(Records from a collection)
────────

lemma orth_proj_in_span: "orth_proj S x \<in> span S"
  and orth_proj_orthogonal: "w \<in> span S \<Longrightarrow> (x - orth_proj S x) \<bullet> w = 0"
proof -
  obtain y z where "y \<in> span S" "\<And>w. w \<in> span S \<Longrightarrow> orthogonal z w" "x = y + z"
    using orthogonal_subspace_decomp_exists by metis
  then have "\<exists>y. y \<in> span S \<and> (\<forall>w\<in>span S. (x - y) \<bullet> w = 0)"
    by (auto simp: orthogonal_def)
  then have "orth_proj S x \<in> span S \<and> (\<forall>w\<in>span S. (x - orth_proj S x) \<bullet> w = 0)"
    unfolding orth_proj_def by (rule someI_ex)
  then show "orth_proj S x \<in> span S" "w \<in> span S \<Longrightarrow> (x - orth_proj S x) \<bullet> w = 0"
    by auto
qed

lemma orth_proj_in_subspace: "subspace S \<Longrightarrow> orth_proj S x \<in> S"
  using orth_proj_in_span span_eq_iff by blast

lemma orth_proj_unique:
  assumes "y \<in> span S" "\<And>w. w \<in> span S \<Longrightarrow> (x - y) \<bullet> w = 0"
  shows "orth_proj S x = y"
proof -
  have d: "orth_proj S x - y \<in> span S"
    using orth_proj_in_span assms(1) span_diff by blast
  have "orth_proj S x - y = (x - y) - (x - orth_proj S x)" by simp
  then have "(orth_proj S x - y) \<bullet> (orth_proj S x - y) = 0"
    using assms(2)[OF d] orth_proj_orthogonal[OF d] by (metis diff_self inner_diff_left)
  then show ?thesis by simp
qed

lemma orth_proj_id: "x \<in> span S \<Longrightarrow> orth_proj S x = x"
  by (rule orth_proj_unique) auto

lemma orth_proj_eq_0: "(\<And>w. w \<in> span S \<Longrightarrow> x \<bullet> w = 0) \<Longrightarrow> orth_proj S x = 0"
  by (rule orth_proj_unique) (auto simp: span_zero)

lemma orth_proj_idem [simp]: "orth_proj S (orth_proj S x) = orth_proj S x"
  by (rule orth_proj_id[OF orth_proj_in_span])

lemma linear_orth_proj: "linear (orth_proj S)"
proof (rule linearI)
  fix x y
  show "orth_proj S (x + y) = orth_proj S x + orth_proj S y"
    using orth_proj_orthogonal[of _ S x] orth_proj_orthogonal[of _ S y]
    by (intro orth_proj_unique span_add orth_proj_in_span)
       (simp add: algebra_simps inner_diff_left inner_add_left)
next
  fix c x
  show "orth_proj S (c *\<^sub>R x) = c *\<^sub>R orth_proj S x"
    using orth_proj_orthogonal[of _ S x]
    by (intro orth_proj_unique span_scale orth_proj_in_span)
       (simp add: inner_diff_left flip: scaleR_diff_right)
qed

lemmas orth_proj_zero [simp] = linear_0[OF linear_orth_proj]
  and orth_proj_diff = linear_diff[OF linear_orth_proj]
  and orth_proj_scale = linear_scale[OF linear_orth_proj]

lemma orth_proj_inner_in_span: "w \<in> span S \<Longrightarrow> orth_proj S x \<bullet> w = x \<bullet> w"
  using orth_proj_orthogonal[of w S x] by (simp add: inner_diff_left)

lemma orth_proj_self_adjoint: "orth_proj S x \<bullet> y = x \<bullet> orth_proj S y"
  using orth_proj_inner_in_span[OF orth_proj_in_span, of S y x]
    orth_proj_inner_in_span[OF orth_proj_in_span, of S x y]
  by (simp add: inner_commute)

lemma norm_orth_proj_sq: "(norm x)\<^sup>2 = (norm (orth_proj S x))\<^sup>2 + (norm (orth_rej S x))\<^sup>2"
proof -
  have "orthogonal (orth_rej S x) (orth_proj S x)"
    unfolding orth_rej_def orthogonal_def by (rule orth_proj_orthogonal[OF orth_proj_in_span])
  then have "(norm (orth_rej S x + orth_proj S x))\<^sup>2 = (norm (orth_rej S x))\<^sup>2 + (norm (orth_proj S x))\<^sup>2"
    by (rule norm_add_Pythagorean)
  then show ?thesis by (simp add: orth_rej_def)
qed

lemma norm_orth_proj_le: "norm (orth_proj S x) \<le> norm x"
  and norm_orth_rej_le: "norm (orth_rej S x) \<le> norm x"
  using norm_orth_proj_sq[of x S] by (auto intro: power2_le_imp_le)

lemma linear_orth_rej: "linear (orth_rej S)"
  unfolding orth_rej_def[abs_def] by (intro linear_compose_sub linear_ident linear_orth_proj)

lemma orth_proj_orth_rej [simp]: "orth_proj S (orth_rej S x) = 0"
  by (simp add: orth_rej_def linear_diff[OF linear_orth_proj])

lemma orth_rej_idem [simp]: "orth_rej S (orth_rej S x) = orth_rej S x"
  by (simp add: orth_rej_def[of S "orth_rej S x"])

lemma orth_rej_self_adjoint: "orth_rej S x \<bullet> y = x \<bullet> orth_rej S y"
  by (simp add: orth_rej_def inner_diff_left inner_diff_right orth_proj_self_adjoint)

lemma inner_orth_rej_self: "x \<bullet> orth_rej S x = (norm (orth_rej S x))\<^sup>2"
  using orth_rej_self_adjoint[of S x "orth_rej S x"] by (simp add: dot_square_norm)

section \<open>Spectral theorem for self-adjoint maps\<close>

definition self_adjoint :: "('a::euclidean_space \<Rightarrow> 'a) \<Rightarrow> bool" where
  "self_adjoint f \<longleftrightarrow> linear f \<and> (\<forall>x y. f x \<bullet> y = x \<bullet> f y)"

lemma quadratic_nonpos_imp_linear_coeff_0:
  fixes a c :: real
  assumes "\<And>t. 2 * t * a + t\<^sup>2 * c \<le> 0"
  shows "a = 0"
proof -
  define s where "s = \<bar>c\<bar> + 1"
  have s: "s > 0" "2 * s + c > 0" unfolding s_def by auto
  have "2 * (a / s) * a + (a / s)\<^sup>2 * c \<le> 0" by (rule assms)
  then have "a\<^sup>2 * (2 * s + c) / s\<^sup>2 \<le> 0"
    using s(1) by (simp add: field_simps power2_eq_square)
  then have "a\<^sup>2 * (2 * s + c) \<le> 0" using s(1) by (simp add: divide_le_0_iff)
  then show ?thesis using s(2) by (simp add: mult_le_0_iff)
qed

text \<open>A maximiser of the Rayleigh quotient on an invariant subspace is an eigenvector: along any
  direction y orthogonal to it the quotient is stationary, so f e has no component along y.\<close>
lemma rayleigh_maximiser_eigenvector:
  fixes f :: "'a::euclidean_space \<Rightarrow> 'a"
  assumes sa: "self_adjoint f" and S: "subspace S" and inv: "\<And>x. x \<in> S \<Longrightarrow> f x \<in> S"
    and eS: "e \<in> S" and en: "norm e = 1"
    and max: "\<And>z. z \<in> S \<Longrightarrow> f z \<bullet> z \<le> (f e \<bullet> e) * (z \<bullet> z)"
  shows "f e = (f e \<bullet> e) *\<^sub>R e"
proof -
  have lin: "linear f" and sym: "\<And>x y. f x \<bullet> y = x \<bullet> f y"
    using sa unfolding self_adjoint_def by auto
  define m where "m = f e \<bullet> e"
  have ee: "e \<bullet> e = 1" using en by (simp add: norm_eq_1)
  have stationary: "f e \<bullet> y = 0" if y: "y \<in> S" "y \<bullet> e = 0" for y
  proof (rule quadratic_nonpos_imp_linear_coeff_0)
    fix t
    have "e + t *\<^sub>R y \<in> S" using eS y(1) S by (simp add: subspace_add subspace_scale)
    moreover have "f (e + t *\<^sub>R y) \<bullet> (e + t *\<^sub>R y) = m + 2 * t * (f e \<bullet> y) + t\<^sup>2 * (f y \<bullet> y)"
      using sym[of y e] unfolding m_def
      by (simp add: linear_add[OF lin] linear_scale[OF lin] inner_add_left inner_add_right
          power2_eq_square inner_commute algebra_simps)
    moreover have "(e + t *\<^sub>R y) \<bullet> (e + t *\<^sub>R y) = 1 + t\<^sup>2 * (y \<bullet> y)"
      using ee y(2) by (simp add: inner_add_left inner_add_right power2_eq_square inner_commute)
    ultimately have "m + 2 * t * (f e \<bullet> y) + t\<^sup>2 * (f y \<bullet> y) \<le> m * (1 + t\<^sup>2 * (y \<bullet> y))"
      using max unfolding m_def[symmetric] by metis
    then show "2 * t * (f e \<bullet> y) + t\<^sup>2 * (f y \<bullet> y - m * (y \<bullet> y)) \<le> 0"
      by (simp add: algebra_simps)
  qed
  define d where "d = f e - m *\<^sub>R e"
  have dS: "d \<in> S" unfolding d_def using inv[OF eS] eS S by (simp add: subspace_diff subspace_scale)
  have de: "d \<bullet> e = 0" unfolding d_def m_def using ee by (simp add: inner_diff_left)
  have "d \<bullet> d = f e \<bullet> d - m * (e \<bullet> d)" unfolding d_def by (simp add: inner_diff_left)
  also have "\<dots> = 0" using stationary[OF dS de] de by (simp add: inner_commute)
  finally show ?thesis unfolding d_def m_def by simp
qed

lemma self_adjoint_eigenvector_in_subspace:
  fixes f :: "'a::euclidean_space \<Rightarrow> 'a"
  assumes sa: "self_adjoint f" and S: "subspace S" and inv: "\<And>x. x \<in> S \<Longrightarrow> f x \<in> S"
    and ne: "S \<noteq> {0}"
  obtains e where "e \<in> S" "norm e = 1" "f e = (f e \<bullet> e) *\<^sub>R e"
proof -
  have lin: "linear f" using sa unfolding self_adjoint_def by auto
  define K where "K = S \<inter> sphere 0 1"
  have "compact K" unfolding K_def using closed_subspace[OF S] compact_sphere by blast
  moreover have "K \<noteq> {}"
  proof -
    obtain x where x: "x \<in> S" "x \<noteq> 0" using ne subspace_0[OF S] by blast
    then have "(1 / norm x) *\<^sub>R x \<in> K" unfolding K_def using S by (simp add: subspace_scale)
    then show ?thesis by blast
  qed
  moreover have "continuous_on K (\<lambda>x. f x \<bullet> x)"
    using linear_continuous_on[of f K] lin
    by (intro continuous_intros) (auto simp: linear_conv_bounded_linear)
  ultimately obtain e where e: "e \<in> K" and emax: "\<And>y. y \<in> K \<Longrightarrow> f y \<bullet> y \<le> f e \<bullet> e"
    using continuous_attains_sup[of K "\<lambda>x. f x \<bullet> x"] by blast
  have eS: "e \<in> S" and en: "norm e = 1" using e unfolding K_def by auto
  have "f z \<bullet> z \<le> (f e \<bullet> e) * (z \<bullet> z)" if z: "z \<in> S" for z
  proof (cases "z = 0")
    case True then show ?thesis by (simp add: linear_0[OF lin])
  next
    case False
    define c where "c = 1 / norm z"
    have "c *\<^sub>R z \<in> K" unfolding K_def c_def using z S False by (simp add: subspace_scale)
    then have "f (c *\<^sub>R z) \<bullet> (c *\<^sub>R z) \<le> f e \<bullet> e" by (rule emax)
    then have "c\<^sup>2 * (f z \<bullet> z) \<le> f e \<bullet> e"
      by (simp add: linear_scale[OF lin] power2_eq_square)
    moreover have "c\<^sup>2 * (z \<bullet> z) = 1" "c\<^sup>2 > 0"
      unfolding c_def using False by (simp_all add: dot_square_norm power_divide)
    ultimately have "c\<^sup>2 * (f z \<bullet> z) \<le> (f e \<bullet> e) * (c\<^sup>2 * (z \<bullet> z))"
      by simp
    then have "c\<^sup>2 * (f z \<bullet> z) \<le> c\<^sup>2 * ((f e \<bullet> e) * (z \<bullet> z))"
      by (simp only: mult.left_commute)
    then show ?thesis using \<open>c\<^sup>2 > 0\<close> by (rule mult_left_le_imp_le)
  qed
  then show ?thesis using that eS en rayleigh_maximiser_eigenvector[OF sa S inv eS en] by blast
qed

────────

(The task) In the records above, how many lines include "metis"? Give that number and nothing more.

(Result) 3